Mr Mungai says there was competition with some other men "and the thrill that was winning her was something to behold".

He says his first gift to her was a pair of rubber shoes, which she refused to take privately, instead advising him to deliver the parcel through her parents. Unbeknownst to him, Ms Wothaya was only leading him on to start proper courtship since she had been led by her mother to accept Mr Mungai as an ideal suitor.

"He had been profiled to be well educated and spoke good English. He dressed well and he came from a decent," Ms Wothaya reveals.

Mr Mungai says when he delivered the pair of shoes to Ms Wothaya's family, he was advised to go back to his parents and follow the necessary procedures of presenting the gift through elders.

"That is how elders from my side commenced official engagements and within a month, Ms Wothaya was released to live with me as my wife," he recalls with a broad smile.

Schooled up to Class Six, Mungai trained as an orthopaedic before he moved into civil service working as administration clerk.

Ms Wothaya says she only managed to go up to class two "and my father ordered me to drop out saying that was too much education for a girl".

She says "In our days men ignorantly believed that educating girls was useless since their core purpose in families was to get married, cook, bear children and populate the clans".

The young couple commenced the task of building their lives with Mr Mungai working away in major towns and retreating home on Fridays and spending the weekend with his family.

Committed

"Right from the onset I was focused on making my marriage work.
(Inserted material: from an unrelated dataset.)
(* In the non-binary voting game, let $e(N)$ be any function of $N$. For every $N$ large enough that the number of friendly agents is less than $\mu N$ and the number of unfriendly agents is less than $(1-\mu)N$, and every regular strategy profile $\Sigma^*$ with $N$ agents satisfying $A(\Sigma^* )\ge1-e(N)$, the profile $\Sigma^*$ is an $\varepsilon$-strong Bayes Nash Equilibrium with $\varepsilon=\mathcal{W}B((\mathcal{W}-1)B+1)\,e(N)$.
   Context: Non-binary voting game. $N$ agents each vote for $\mathbf{A}$ or $\mathbf{R}$. World state $W\in\{1,\dots,\mathcal{W}\}$ (unobserved), prior $P_w>0$. Conditional on $W$, each agent independently receives a signal $S_n\in\{1,\dots,M\}$ with $P_{mw}=\Pr[S_n=m\mid W=w]$, satisfying stochastic dominance ($\Pr[S_n\ge m\mid w_1]>\Pr[S_n\ge m\mid w_2]$ for $w_1>w_2$, $m\ge2$). Threshold $\mu\in(0,1)$: $\mathbf{A}$ wins iff at least $\mu N$ agents vote $\mathbf{A}$, else $\mathbf{R}$. Agent $n$ has utility $v_n:\{1,\dots,\mathcal{W}\}\times\{\mathbf{A},\mathbf{R}\}\to\{0,\dots,B\}$ ($B$ a positive integer) with $v_n(w,\mathbf{A})$ strictly increasing, $v_n(w,\mathbf{R})$ strictly decreasing in $w$, and $v_n(w,\mathbf{A})\ne v_n(w,\mathbf{R})$. Constants $\alpha^{\mathbf{A}}_w,\alpha^{\mathbf{R}}_w=1-\alpha^{\mathbf{A}}_w$: exactly $\lfloor\alpha^{\mathbf{R}}_wN\rfloor$ agents prefer $\mathbf{R}$ in state $w$; $\alpha^{\mathbf{A}}_w\ne\mu$ and rounding does not flip the comparison with $\mu$. Informed majority decision in $w$: $\mathbf{A}$ if $\alpha^{\mathbf{A}}_w>\mu$, else $\mathbf{R}$. $\mathcal{L}=\{w:\alpha^{\mathbf{A}}_w<\mu\}$, $\mathcal{H}=\{w:\alpha^{\mathbf{A}}_w>\mu\}$, both nonempty. For agent $n$, $\mathcal{L}_n=\{w:v_n(w,\mathbf{R})>v_n(w,\mathbf{A})\}$, $\mathcal{H}_n=\{w:v_n(w,\mathbf{A})>v_n(w,\mathbf{R})\}$; friendly if $\mathcal{L}\cap\mathcal{H}_n\ne\emptyset$, unfriendly if $\mathcal{H}\cap\mathcal{L}_n\ne\emptyset$, contingent if $\mathcal{L}_n=\mathcal{L}$. Strategy $\sigma=(\beta_1,\dots,\beta_M)$, $\beta_m$ = probability of voting $\mathbf{A}$ on signal $m$. Regular profile: friendly agents always vote $\mathbf{A}$, unfriendly always vote $\mathbf{R}$. $\lambda^{\mathbf{X}}_w(\Sigma)$: ex-ante probability that $\mathbf{X}$ wins in state $w$. Fidelity $A(\Sigma)=\sum_{w\in\mathcal{L}}P_w\lambda^{\mathbf{R}}_w(\Sigma)+\sum_{w\in\mathcal{H}}P_w\lambda^{\mathbf{A}}_w(\Sigma)$. Expected utility $u_n(\Sigma)=\sum_wP_w(\lambda^{\mathbf{A}}_w(\Sigma)v_n(w,\mathbf{A})+\lambda^{\mathbf{R}}_w(\Sigma)v_n(w,\mathbf{R}))$. $\Sigma$ is an $\varepsilon$-strong Bayes Nash Equilibrium if there is no set $D$ of agents and profile $\Sigma'$ with $\sigma'_n=\sigma_n$ for $n\notin D$, $u_n(\Sigma')\ge u_n(\Sigma)$ for all $n\in D$ and $u_n(\Sigma')>u_n(\Sigma)+\varepsilon$ for some $n\in D$. *)

theory Defs
  imports Main Complex_Main
begin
I had a lovable wife with strong Christian values. She loved working hard and had brilliant suggestions about how to manage our resources," Mr Mungai says.

Ms Wothaya says her husband had great vision about his family "where he would say priority was attaining basic needs and invest for the future".

That is how they managed to buy tracts of land even when they financed their children's education and by the time he retired, the family had invested in real estate, stocks and in coffee farming.

Ms Wothaya says "What I was fearing was that the alcohol my husband was fond of taking would end up capturing his focus in life but interestingly he all along maintained moderation and would be very romantic when tipsy".

Mr Mungai says his best moments in his current life is when his family gathers home.

"What a feeling when I see my five surviving children aged between 74 and 57 gathered around us...my 24 grandchildren, 18 great-grandchildren and five great-great grandchildren...what else can we desire?" he muses.

Drama

Mr Mungai says their marriage was not without some drama.

"We had our issues, yes...all those things you hear in other families...Ours was a race like any other. Physical fights no, verbal fights yes," he says.

Ms Wothaya interjects saying "I was good and obedient, at all times acknowledging my husband as the undisputed head of the family".

Mr Mungai says alcoholism in marriage need moderation and at all times avoiding excessive indulgence, knowing too well there is no trophy in being intoxicated.

He says he knew the dangers of violence in families "and that is why we developed our own rules, we made a vow to become faithful to our love and marriage and make it stand the test of time".

He says that "I can swear that never did I cheat on my marriage”, his wife saying "it is not even a thought that ever crossed my mind for me to cheat".

Mr Mungai counsels that one gets married because of a need; "stick to that need...There are those issues that will arise, trying to prompt you to be adventurous with alternative loves...Be honest and faithful in both deeds and words, avoid lust...commitment is key".

Long life trick

About the secret to living this long, Mr Mungai says he has never taken doctors seriously when they start censoring people on eating habits.

"I have never taken interest, what is placed before me is what I take. I eat meat, I take cookies and I take sugar. We both take sugar, we are like bees. It is for you to choose who to believe: I, who is 96 years old, or that doctor," he said.

Ms Wothaya’s message is simple: "Work hard when you have the opportunity, don't entirely be a consumer, save for your old age since poverty kills more than diseases do".

Mr Mungai compliments his wife’s thought thus: "Be very much afraid of the future. Secure it when you are young".